text \<open>Vertices outside [n] lie in no member and are therefore vacuously pointed; the range
  conditions in mutual and satellites exclude them.\<close>
definition mutual :: "nat \<Rightarrow> bool" where
  "mutual x \<longleftrightarrow> x \<in> {1..n} \<and> partner x \<in> {1..n} \<and> pointed x \<and> pointed (partner x)
     \<and> partner (partner x) = x"

definition mutual_pairs :: "nat set set" where
  "mutual_pairs = {{x, partner x} | x. mutual x}"

definition satellites :: "nat set \<Rightarrow> nat set" where
  "satellites p = {c\<in>{1..n}. pointed c \<and> c \<notin> p \<and> partner c \<in> p}"

definition pair_members :: "nat set \<Rightarrow> nat set set" where
  "pair_members p = {u\<in>A. p \<subseteq> u \<and> u - p \<subseteq> satellites p}"

definition pair_unions :: "nat set set" where
  "pair_unions = {u\<in>A. \<exists>p\<in>mutual_pairs. \<exists>q\<in>mutual_pairs. p \<noteq> q \<and> u = p \<union> q}"

definition private_members :: "nat set set" where
  "private_members = {u\<in>A. \<exists>c\<in>u. \<forall>v\<in>A. c \<in> v \<longrightarrow> v = u}"

definition kernel :: "nat set \<Rightarrow> bool" where
  "kernel T \<longleftrightarrow> card T = 3 \<and> (\<forall>t\<in>T. \<forall>v\<in>A. t \<in> v \<longrightarrow> T \<subseteq> v)"

definition kernel_members :: "nat set set" where
  "kernel_members = {u\<in>A. \<exists>T\<subseteq>u. kernel T}"

lemma partner_in_pointed_member:
  assumes "u \<in> A" "\<forall>c\<in>u. pointed c" "c \<in> u"
  shows "partner c \<in> u \<and> partner c \<noteq> c"
proof -
  have "pointed c" using assms(2,3) by blast
  then show ?thesis using partner_mem[OF _ assms(1,3)] partner_neq by blast
qed

lemma mutual_pairs_memI:
  assumes "u \<in> A" "\<forall>c\<in>u. pointed c" "x \<in> u" "partner (partner x) = x"
  shows "{x, partner x} \<in> mutual_pairs"
proof -
  have "partner x \<in> u" using partner_in_pointed_member assms by blast
  then have "mutual x" unfolding mutual_def using assms member_subset[OF assms(1)] by auto
  then show ?thesis unfolding mutual_pairs_def by blast
qed

lemma private_membersI:
  assumes "u \<in> A" "c \<in> u" "\<And>v. v \<in> A \<Longrightarrow> c \<in> v \<Longrightarrow> u \<subseteq> v"
  shows "u \<in> private_members"
proof -
  have "\<forall>v\<in>A. c \<in> v \<longrightarrow> v = u" using assms(3) member_eq_of_subset[OF assms(1)] by blast
  then show ?thesis unfolding private_members_def using assms(1,2) by blast
qed

lemma pair_unionsI:
  assumes u: "u \<in> A" and pt: "\<forall>c\<in>u. pointed c" and inv: "\<forall>c\<in>u. partner (partner c) = c"
  shows "u \<in> pair_unions"
proof -
  have cu: "card u = 4" "finite u" using card_member finite_member u by auto
  then obtain v where v: "v \<in> u" by (metis card.empty ex_in_conv zero_neq_numeral)
  let ?p = "{v, partner v}"
  have pv: "partner v \<in> u" "partner v \<noteq> v" using partner_in_pointed_member[OF u pt v] by auto
  have "card ?p = 2" using pv(2) by simp
  then have "\<not> u \<subseteq> ?p" using card_mono[of ?p u] cu by auto
  then obtain w where w: "w \<in> u" "w \<notin> ?p" by blast
  let ?q = "{w, partner w}"
  have pw: "partner w \<in> u" "partner w \<noteq> w" using partner_in_pointed_member[OF u pt w(1)] by auto
  have "partner (partner w) = w" "partner (partner v) = v" using inv v w(1) by auto
  then have "partner w \<noteq> v" "partner w \<noteq> partner v" using w(2) by auto
  then have "card (?p \<union> ?q) = 4" using w pv(2) pw(2) by (auto simp: card_insert_if)
  moreover have "?p \<union> ?q \<subseteq> u" using v w(1) pv(1) pw(1) by blast
  ultimately have eq: "u = ?p \<union> ?q" using card_seteq[OF cu(2)] cu(1) by (metis order_refl)
  have p: "?p \<in> mutual_pairs" and q: "?q \<in> mutual_pairs"
    using mutual_pairs_memI[OF u pt] inv v w(1) by auto
  have pq: "?p \<noteq> ?q" using w(2) by (auto simp: doubleton_eq_iff)
  have "\<exists>p\<in>mutual_pairs. \<exists>q\<in>mutual_pairs. p \<noteq> q \<and> u = p \<union> q"
    by (intro bexI[of _ ?p] bexI[of _ ?q] conjI pq eq p q)
  then show ?thesis unfolding pair_unions_def using u by simp
qed

lemma kernel_membersI:
  assumes u: "u \<in> A" and pt: "\<forall>c\<in>u. pointed c" and v: "v \<in> u"
    and "partner (partner v) \<noteq> v" and "partner (partner (partner v)) = v"
  shows "u \<in> kernel_members"
proof -
  let ?y = "partner v" let ?z = "partner ?y"
  have y: "?y \<in> u" "?y \<noteq> v" using partner_in_pointed_member[OF u pt v] by auto
  have z: "?z \<in> u" "?z \<noteq> ?y" using partner_in_pointed_member[OF u pt y(1)] by auto
  have pointed: "pointed v" "pointed ?y" "pointed ?z" using pt v y(1) z(1) by auto
  have "v \<in> w \<Longrightarrow> ?y \<in> w" "?y \<in> w \<Longrightarrow> ?z \<in> w" "?z \<in> w \<Longrightarrow> v \<in> w" if "w \<in> A" for w
    using partner_mem[OF pointed(1) that] partner_mem[OF pointed(2) that] partner_mem[OF pointed(3) that]
      assms(5) by auto
  then have "\<forall>t\<in>{v, ?y, ?z}. \<forall>w\<in>A. t \<in> w \<longrightarrow> {v, ?y, ?z} \<subseteq> w" by blast
  moreover have "card {v, ?y, ?z} = 3" using y z assms(4) by simp
  ultimately have "kernel {v, ?y, ?z}" unfolding kernel_def by blast
  moreover have "{v, ?y, ?z} \<subseteq> u" using v y z by blast
  ultimately show ?thesis unfolding kernel_members_def using u by blast
qed

lemma pair_or_private_member:
  assumes u: "u \<in> A" and pt: "\<forall>c\<in>u. pointed c" and v: "v \<in> u"
    and "partner (partner v) \<noteq> v" and "partner (partner (partner v)) = partner v"
  shows "(\<exists>p\<in>mutual_pairs. u \<in> pair_members p) \<or> u \<in> private_members"
proof -
  let ?y = "partner v" let ?z = "partner ?y"
  have y: "?y \<in> u" "?y \<noteq> v" using partner_in_pointed_member[OF u pt v] by auto
  have z: "?z \<in> u" "?z \<noteq> ?y" "?z \<noteq> v"
    using partner_in_pointed_member[OF u pt y(1)] assms(4) by auto
  let ?p = "{?y, ?z}"
  have p: "?p \<in> mutual_pairs" using mutual_pairs_memI[OF u pt y(1)] assms(5) by simp
  have "card (u - {v, ?y, ?z}) = 1"
    using card_Diff_subset[of "{v, ?y, ?z}" u] card_member[OF u] v y z by (simp add: card_insert_if)
  then obtain w where w: "u - {v, ?y, ?z} = {w}" by (auto simp: card_1_singleton_iff)
  then have u_eq: "u = {v, ?y, ?z, w}" and w_u: "w \<in> u" "w \<notin> {v, ?y, ?z}" using v y z by auto
  have "partner w \<in> {v, ?y, ?z}" using partner_in_pointed_member[OF u pt w_u(1)] u_eq by blast
  then consider "partner w = v" | "partner w \<in> ?p" by blast
  then show ?thesis
  proof cases
    case 1
    have "u \<subseteq> x" if x: "x \<in> A" "w \<in> x" for x
    proof -
      have "v \<in> x" using partner_mem[OF _ x] pt w_u(1) 1 by force
      then have "?y \<in> x" using partner_mem[OF _ x(1)] pt v by blast
      then have "?z \<in> x" using partner_mem[OF _ x(1)] pt y(1) by blast
      with \<open>v \<in> x\<close> \<open>?y \<in> x\<close> x(2) show ?thesis by (simp add: u_eq)
    qed
    then show ?thesis using private_membersI[OF u w_u(1)] by blast
  next
    case 2
    have "u - ?p \<subseteq> satellites ?p"
      unfolding satellites_def using u_eq w_u v y z 2 pt member_subset[OF u] by auto
    then have "u \<in> pair_members ?p" unfolding pair_members_def using u y z by blast
    then show ?thesis using p by blast
  qed
qed

lemma private_member_of_long_orbit:
  assumes u: "u \<in> A" and pt: "\<forall>c\<in>u. pointed c" and v: "v \<in> u"
    and "partner (partner v) \<noteq> v" and "partner (partner (partner v)) \<notin> {v, partner v}"
  shows "u \<in> private_members"
proof -
  let ?y = "partner v" let ?z = "partner ?y" let ?r = "partner ?z"
  have y: "?y \<in> u" "?y \<noteq> v" using partner_in_pointed_member[OF u pt v] by auto
  have z: "?z \<in> u" "?z \<noteq> ?y" using partner_in_pointed_member[OF u pt y(1)] by auto
  have r: "?r \<in> u" "?r \<noteq> ?z" using partner_in_pointed_member[OF u pt z(1)] by auto
  have "card {v, ?y, ?z, ?r} = 4" using y z r assms(4,5) by (auto simp: card_insert_if)
  moreover have "{v, ?y, ?z, ?r} \<subseteq> u" using v y z r by blast
  ultimately have u_eq: "u = {v, ?y, ?z, ?r}"
    using card_seteq[OF finite_member[OF u]] card_member[OF u] by (metis order_refl)
  have "u \<subseteq> x" if x: "x \<in> A" "v \<in> x" for x
  proof -
    have "?y \<in> x" using partner_mem[OF _ x(1)] pt v x(2) by blast
    then have "?z \<in> x" using partner_mem[OF _ x(1)] pt y(1) by blast
    then have "?r \<in> x" using partner_mem[OF _ x(1)] pt z(1) by blast
    with \<open>?y \<in> x\<close> \<open>?z \<in> x\<close> x(2) show ?thesis by (simp add: u_eq)
  qed
  then show ?thesis using private_membersI[OF u v] by blast
qed

lemma pointed_member_cases:
  assumes u: "u \<in> A" and pt: "\<forall>c\<in>u. pointed c"
  shows "u \<in> pair_unions \<or> (\<exists>p\<in>mutual_pairs. u \<in> pair_members p) \<or> u \<in> private_members
    \<or> u \<in> kernel_members"
proof (cases "\<forall>c\<in>u. partner (partner c) = c")
  case True
  then show ?thesis using pair_unionsI u pt by blast
next
  case False
  then obtain v where v: "v \<in> u" "partner (partner v) \<noteq> v" by blast
  consider "partner (partner (partner v)) = v" | "partner (partner (partner v)) = partner v"
    | "partner (partner (partner v)) \<notin> {v, partner v}" by blast
  then show ?thesis
    using kernel_membersI[OF u pt v] pair_or_private_member[OF u pt v] private_member_of_long_orbit[OF u pt v]
    by cases blast+
qed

### Directions for this task
Read through the entries, then copy every line where the string "unfolding" is found.

### Completed task
  then have "mutual x" unfolding mutual_def using assms member_subset[OF assms(1)] by auto
  then show ?thesis unfolding mutual_pairs_def by blast
  then show ?thesis unfolding private_members_def using assms(1,2) by blast
  then show ?thesis unfolding pair_unions_def using u by simp
  ultimately have "kernel {v, ?y, ?z}" unfolding kernel_def by blast
  ultimately show ?thesis unfolding kernel_members_def using u by blast
      unfolding satellites_def using u_eq w_u v y z 2 pt member_subset[OF u] by auto
    then have "u \<in> pair_members ?p" unfolding pair_members_def using u y z by blast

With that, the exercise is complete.